The report concludes with an estimate that it would take the State between eighteen and twenty-four months to fully implement the recommended system. Given the estimates on the time required for implementation of the legislation and the fiscal impact on the industry, a two-year implementation delay with annual inflation updates is recommended. A two-year delay should provide the State with the time necessary for implementation and provide an opportunity for the industry to address inefficiencies, alter cost structures, develop program and service alternatives, advocate for regulatory relief, and work to phase in a "fair rental" approach for the property component to provide incentives for providers to improve and upgrade their facilities. In addition, a solution for dealing with the significant losses that would be incurred by the public facilities in the Hawaii health systems corporation will have to be found.
Given the historical shortage of long-term care beds in Hawaii and the current financial condition of our long-term care facilities – which may be further exacerbated by the unusually high nursing salary settlements that will ripple down through hospitals, nursing homes, and home care – adequate time and careful consideration must be given to ensure that quality and access will not be compromised.

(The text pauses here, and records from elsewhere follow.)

(* Let $T_1=\{12|3456,\,123|456,\,1234|56\}$, $T_2=\{13|2456,\,123|456,\,1235|46\}$, $T_3=\{13|2456,\,123|456,\,1234|56\}$, $T_4=\{12|3456,\,123|456,\,1235|46\}$ be binary trees on leaves $\{1,\dots,6\}$, and let $f=q_{GGGGGG}+q_{GTTTTG}-q_{GTGGTG}-q_{GGTTGG}$. Then for the JC model and for the K2P model, $f\in\mathcal{I}(V_{T_1}\ast V_{T_2})\setminus\mathcal{I}(V_{T_i})$ for $i\in\{3,4\}$. In particular $V_{T_i}\not\subseteq V_{T_1}\ast V_{T_2}$ for $i\in\{3,4\}$.
   Context: Trees are unrooted binary trees described by their nontrivial splits; $\Sigma(T)$ is the set of all splits of $T$ including trivial ones $\{i\}|[6]\setminus\{i\}$. With $G=\mathbb{Z}_2\times\mathbb{Z}_2$ and $A=(0,0)$, $C=(0,1)$, $G=(1,0)$, $T=(1,1)$, the K3P model on $T$ in Fourier coordinates $q_{g_1\cdots g_6}$ is $q_{g_1\cdots g_6}=\prod_{A|B\in\Sigma(T)}a^{A|B}_{\sum_{i\in A}g_i}$ if $\sum g_i=0$ and $0$ otherwise; K2P imposes $a^e_G=a^e_T$, JC imposes $a^e_C=a^e_G=a^e_T$ for all splits $e$. $V_T$ is the Zariski closure in $\mathbb{P}^{4^6-1}$ of the image for complex parameters; $V\ast W$ is the join (closure of the union of lines meeting $V$ and $W$); $\mathcal{I}(V)$ is the ideal of polynomials vanishing on $V$. *)

theory Defs
  imports Complex_Main "HOL-Library.Z2" "HOL-Library.Product_Plus"
begin

type_synonym grp = "bit \<times> bit"

definition nA :: grp where "nA = (0, 0)"
definition nC :: grp where "nC = (0, 1)"
definition nG :: grp where "nG = (1, 0)"
definition nT :: grp where "nT = (1, 1)"

text \<open>Leaves are 1..6. A Fourier index g_1...g_6 is a list w of length 6,
  with g_i = w ! (i - 1). Points of C^(4^6) are functions from indices to complex
  numbers (values at lists of length other than 6 are irrelevant).\<close>
definition leaves :: "nat set" where "leaves = {1..6}"

type_synonym word = "grp list"
type_synonym point = "word \<Rightarrow> complex"

definition gsum :: "word \<Rightarrow> nat set \<Rightarrow> grp" where
  "gsum w A = (\<Sum>i\<in>A. w ! (i - 1))"

text \<open>A tree is given by its set of nontrivial splits, each split A|B recorded by
  the side A. Sigma(T) adds the trivial splits {i}|[6]-{i}.\<close>
definition Sigma_splits :: "nat set set \<Rightarrow> nat set set" where
  "Sigma_splits T = T \<union> {{i} | i. i \<in> leaves}"

datatype model = JC | K2P | K3P

definition params_ok :: "model \<Rightarrow> (nat set \<Rightarrow> grp \<Rightarrow> complex) \<Rightarrow> bool" where
  "params_ok M a = (case M of
      K3P \<Rightarrow> True
    | K2P \<Rightarrow> (\<forall>e. a e nG = a e nT)
    | JC \<Rightarrow> (\<forall>e. a e nC = a e nG \<and> a e nG = a e nT))"

definition qmap :: "nat set set \<Rightarrow> (nat set \<Rightarrow> grp \<Rightarrow> complex) \<Rightarrow> point" where
  "qmap T a = (\<lambda>w. if length w = 6 \<and> gsum w leaves = 0
                     then (\<Prod>A\<in>Sigma_splits T. a A (gsum w A)) else 0)"

definition param_image :: "model \<Rightarrow> nat set set \<Rightarrow> point set" where
  "param_image M T = {qmap T a | a. params_ok M a}"

inductive_set polyfun :: "(point \<Rightarrow> complex) set" where
  pf_const: "(\<lambda>x. c) \<in> polyfun"
| pf_var: "length w = 6 \<Longrightarrow> (\<lambda>x. x w) \<in> polyfun"
| pf_add: "p \<in> polyfun \<Longrightarrow> r \<in> polyfun \<Longrightarrow> (\<lambda>x. p x + r x) \<in> polyfun"
| pf_mult: "p \<in> polyfun \<Longrightarrow> r \<in> polyfun \<Longrightarrow> (\<lambda>x. p x * r x) \<in> polyfun"

definition vanish_ideal :: "point set \<Rightarrow> (point \<Rightarrow> complex) set" where
  "vanish_ideal S = {p \<in> polyfun. \<forall>x\<in>S. p x = 0}"

definition zcl :: "point set \<Rightarrow> point set" where
  "zcl S = {x. \<forall>p\<in>vanish_ideal S. p x = 0}"

text \<open>Projective varieties are represented by their affine cones.
  V_T: affine cone = Zariski closure of the (conical) parametrization image.\<close>
definition V :: "model \<Rightarrow> nat set set \<Rightarrow> point set" where
  "V M T = zcl (param_image M T)"

text \<open>Join: affine cone over the closure of the union of lines joining V and W.\<close>
definition join :: "point set \<Rightarrow> point set \<Rightarrow> point set" where
  "join S1 S2 = zcl {(\<lambda>w. x w + y w) | x y. x \<in> S1 \<and> y \<in> S2}"

definition T1 :: "nat set set" where "T1 = {{1,2}, {1,2,3}, {1,2,3,4}}"
definition T2 :: "nat set set" where "T2 = {{1,3}, {1,2,3}, {1,2,3,5}}"
definition T3 :: "nat set set" where "T3 = {{1,3}, {1,2,3}, {1,2,3,4}}"
definition T4 :: "nat set set" where "T4 = {{1,2}, {1,2,3}, {1,2,3,5}}"

definition fpoly :: "point \<Rightarrow> complex" where
  "fpoly x = x [nG,nG,nG,nG,nG,nG] + x [nG,nT,nT,nT,nT,nG]
             - x [nG,nT,nG,nG,nT,nG] - x [nG,nG,nT,nT,nG,nG]"

end

theory Submission
  imports Defs
begin

text \<open>Under the K2P constraint a^e_G = a^e_T the coordinate q_w only sees, on each split, whether
  the sum lies in A, C or in {G, T}. For T1 and T2 the four monomials of f then cancel in pairs.
  For T3, f restricts to (a^e_A - a^e_C)(a^{e'}_A - a^{e'}_C) times a monomial, with
  e = 13|2456 and e' = 1234|56 (for T4: e = 12|3456, e' = 1235|46); this is nonzero for generic
  JC parameters. Since f is linear, it vanishes on the join once it vanishes on both factors.\<close>

lemma subset_zcl: "S \<subseteq> zcl S"
  unfolding zcl_def vanish_ideal_def by auto

lemma vanish_ideal_antimono: "S \<subseteq> S' \<Longrightarrow> vanish_ideal S' \<subseteq> vanish_ideal S"
  unfolding vanish_ideal_def by auto

lemma vanish_ideal_zcl [simp]: "vanish_ideal (zcl S) = vanish_ideal S"
proof
  show "vanish_ideal (zcl S) \<subseteq> vanish_ideal S"
    by (rule vanish_ideal_antimono[OF subset_zcl])
  show "vanish_ideal S \<subseteq> vanish_ideal (zcl S)"
    unfolding vanish_ideal_def zcl_def by auto
qed

lemma vanish_ideal_V_iff:
  "p \<in> vanish_ideal (V M T) \<longleftrightarrow> p \<in> polyfun \<and> (\<forall>a. params_ok M a \<longrightarrow> p (qmap T a) = 0)"
  unfolding V_def vanish_ideal_zcl by (auto simp: vanish_ideal_def param_image_def)

lemma additive_in_vanish_ideal_join:
  assumes "p \<in> vanish_ideal S1" "p \<in> vanish_ideal S2"
    and additive: "\<And>x y. p (\<lambda>w. x w + y w) = p x + p y"
  shows "p \<in> vanish_ideal (join S1 S2)"
  using assms unfolding join_def vanish_ideal_zcl by (auto simp: vanish_ideal_def)

lemma fpoly_polyfun: "fpoly \<in> polyfun"
proof -
  have var: "(\<lambda>x. x w) \<in> polyfun" if "length w = 6" for w
    using that by (rule pf_var)
  have neg: "(\<lambda>x. (-1) * x w) \<in> polyfun" if "length w = 6" for w
    using pf_const var[OF that] by (rule pf_mult)
  have "fpoly = (\<lambda>x. x [nG,nG,nG,nG,nG,nG] + x [nG,nT,nT,nT,nT,nG]
                     + (-1) * x [nG,nT,nG,nG,nT,nG] + (-1) * x [nG,nG,nT,nT,nG,nG])"
    by (simp add: fpoly_def fun_eq_iff)
  also have "\<dots> \<in> polyfun"
    by (intro pf_add var neg) simp_all
  finally show ?thesis .
qed

lemma fpoly_add: "fpoly (\<lambda>w. x w + y w) = fpoly x + fpoly y"
  by (simp add: fpoly_def)

lemma leaves_eq: "leaves = {1, 2, 3, 4, 5, 6}"
  unfolding leaves_def by auto

lemma prod_Sigma_splits_three:
  assumes T: "T = {s1, s2, s3}"
    and card: "2 \<le> card s1" "card s1 < card s2" "card s2 < card s3"
  shows "(\<Prod>A\<in>Sigma_splits T. f A) = f s1 * f s2 * f s3 * (\<Prod>i\<in>leaves. f {i})"
proof -
  have split: "Sigma_splits T = T \<union> (\<lambda>i. {i}) ` leaves"
    unfolding Sigma_splits_def by auto
  have "T \<inter> (\<lambda>i. {i}) ` leaves = {}"
    using card by (auto simp: T)
  then have "(\<Prod>A\<in>Sigma_splits T. f A) = (\<Prod>A\<in>T. f A) * (\<Prod>A\<in>(\<lambda>i. {i}) ` leaves. f A)"
    unfolding split by (intro prod.union_disjoint) (auto simp: T leaves_def)
  also have "(\<Prod>A\<in>(\<lambda>i. {i}) ` leaves. f A) = (\<Prod>i\<in>leaves. f {i})"
    by (simp add: prod.reindex)
  moreover have "s1 \<noteq> s2" "s1 \<noteq> s3" "s2 \<noteq> s3"
    using card by auto
  ultimately show ?thesis
    by (simp add: T mult.assoc)
qed

lemma prod_Sigma_splits_trees:
  "(\<Prod>A\<in>Sigma_splits T1. f A) = f {1,2} * f {1,2,3} * f {1,2,3,4} * (\<Prod>i\<in>leaves. f {i})"
  "(\<Prod>A\<in>Sigma_splits T2. f A) = f {1,3} * f {1,2,3} * f {1,2,3,5} * (\<Prod>i\<in>leaves. f {i})"
  "(\<Prod>A\<in>Sigma_splits T3. f A) = f {1,3} * f {1,2,3} * f {1,2,3,4} * (\<Prod>i\<in>leaves. f {i})"
  "(\<Prod>A\<in>Sigma_splits T4. f A) = f {1,2} * f {1,2,3} * f {1,2,3,5} * (\<Prod>i\<in>leaves. f {i})"
  by (rule prod_Sigma_splits_three; simp add: T1_def T2_def T3_def T4_def)+

lemma grp_add_table:
  "nA = 0" "nG + nG = 0" "nT + nT = 0" "nC + nC = 0"
  "nG + nT = nC" "nT + nG = nC" "nC + nG = nT" "nG + nC = nT" "nC + nT = nG" "nT + nC = nG"
  by (simp_all add: nA_def nC_def nG_def nT_def zero_prod_def)

lemma grp_nonzero: "nC \<noteq> 0" "nG \<noteq> 0" "nT \<noteq> 0"
  by (simp_all add: nC_def nG_def nT_def zero_prod_def)

lemma gsum_word6:
  "gsum [x1, x2, x3, x4, x5, x6] A = (\<Sum>i\<in>A. [x1, x2, x3, x4, x5, x6] ! (i - 1))"
  by (simp add: gsum_def)

lemmas fpoly_qmap_simps =
  fpoly_def qmap_def prod_Sigma_splits_trees gsum_word6 leaves_eq grp_add_table grp_nonzero add.assoc[symmetric]

lemma K2P_params: "params_ok K2P a \<Longrightarrow> a e nT = a e nG"
  by (simp add: params_ok_def)

lemma params_ok_K2P_if_JC_or_K2P: "M \<in> {JC, K2P} \<Longrightarrow> params_ok M a \<Longrightarrow> params_ok K2P a"
  by (auto simp: params_ok_def)

lemma fpoly_qmap_T1:
  assumes "params_ok K2P a" shows "fpoly (qmap T1 a) = 0"
  using K2P_params[OF assms]
  by (simp add: fpoly_qmap_simps)

lemma fpoly_qmap_T2:
  assumes "params_ok K2P a" shows "fpoly (qmap T2 a) = 0"
  using K2P_params[OF assms]
  by (simp add: fpoly_qmap_simps)

lemma fpoly_qmap_T3:
  assumes "params_ok K2P a"
  shows "fpoly (qmap T3 a) = (a {1,3} 0 - a {1,3} nC) * (a {1,2,3,4} 0 - a {1,2,3,4} nC)
           * a {1,2,3} nG * (\<Prod>i\<in>leaves. a {i} nG)"
  using K2P_params[OF assms]
  by (simp add: fpoly_qmap_simps) (simp add: ring_distribs)

lemma fpoly_qmap_T4:
  assumes "params_ok K2P a"
  shows "fpoly (qmap T4 a) = (a {1,2} 0 - a {1,2} nC) * (a {1,2,3,5} 0 - a {1,2,3,5} nC)
           * a {1,2,3} nG * (\<Prod>i\<in>leaves. a {i} nG)"
  using K2P_params[OF assms]
  by (simp add: fpoly_qmap_simps) (simp add: ring_distribs)

lemma fpoly_in_vanish_ideal_T1_T2:
  assumes "M \<in> {JC, K2P}" "T \<in> {T1, T2}"
  shows "fpoly \<in> vanish_ideal (V M T)"
  using assms fpoly_polyfun fpoly_qmap_T1 fpoly_qmap_T2 params_ok_K2P_if_JC_or_K2P
  by (auto simp: vanish_ideal_V_iff)

definition generic_params :: "nat set \<Rightarrow> grp \<Rightarrow> complex" where
  "generic_params e g = (if g = 0 then 2 else 1)"

lemma params_ok_generic_params: "params_ok M generic_params"
  by (cases M) (auto simp: params_ok_def generic_params_def grp_nonzero)

lemma fpoly_notin_vanish_ideal_T3_T4:
  assumes "T \<in> {T3, T4}"
  shows "fpoly \<notin> vanish_ideal (V M T)"
proof -
  have "fpoly (qmap T generic_params) = 1"
    using assms fpoly_qmap_T3 fpoly_qmap_T4 params_ok_generic_params
    by (auto simp: generic_params_def grp_nonzero)
  then show ?thesis
    using params_ok_generic_params[of M] by (force simp: vanish_ideal_V_iff)
qed

theorem lemma5:
  shows "\<forall>M \<in> {JC, K2P}.
           fpoly \<in> vanish_ideal (join (V M T1) (V M T2)) \<and>
           (\<forall>Ti \<in> {T3, T4}. fpoly \<notin> vanish_ideal (V M Ti) \<and>
                             \<not> (V M Ti \<subseteq> join (V M T1) (V M T2)))"
proof (intro ballI conjI)
  fix M assume M: "M \<in> {JC, K2P}"
  show in_join: "fpoly \<in> vanish_ideal (join (V M T1) (V M T2))"
    using M by (intro additive_in_vanish_ideal_join fpoly_in_vanish_ideal_T1_T2 fpoly_add) auto
  fix Ti assume Ti: "Ti \<in> {T3, T4}"
  show notin_Ti: "fpoly \<notin> vanish_ideal (V M Ti)"
    using Ti by (rule fpoly_notin_vanish_ideal_T3_T4)
  show "\<not> V M Ti \<subseteq> join (V M T1) (V M T2)"
    using vanish_ideal_antimono in_join notin_Ti by blast
qed

end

A two-year delay in implementation of the acuity-based reimbursement system, coupled with related legislative remedies, will give both the State and providers a time frame to make necessary changes.
The purpose of this Act is to delay for two years the implementation of the acuity-based reimbursement system for services provided to the medicaid aged, blind, and disabled population.
SECTION 2. Section 346D-1.5, Hawaii Revised Statutes, is amended to read as follows:
"§346D-1.5 Medicaid reimbursement equity. Not later than June 30, [2003,] 2005, there shall be no distinction between hospital-based and nonhospital-based reimbursement rates for institutionalized long-term care under medicaid. Reimbursement for institutionalized intermediate care facilities and institutionalized skilled nursing facilities shall be based solely on the level of care rather than the location. This section shall not apply to critical access hospitals. "
SECTION 3. Statutory material to be repealed is bracketed and stricken. New statutory material is underscored.
SECTION 4. This Act shall take effect upon its approval; provided that the change made to section 346D-1.5, Hawaii Revised Statutes, by section 2 of this Act, shall not be repealed when that section is reenacted on June 30, 2004.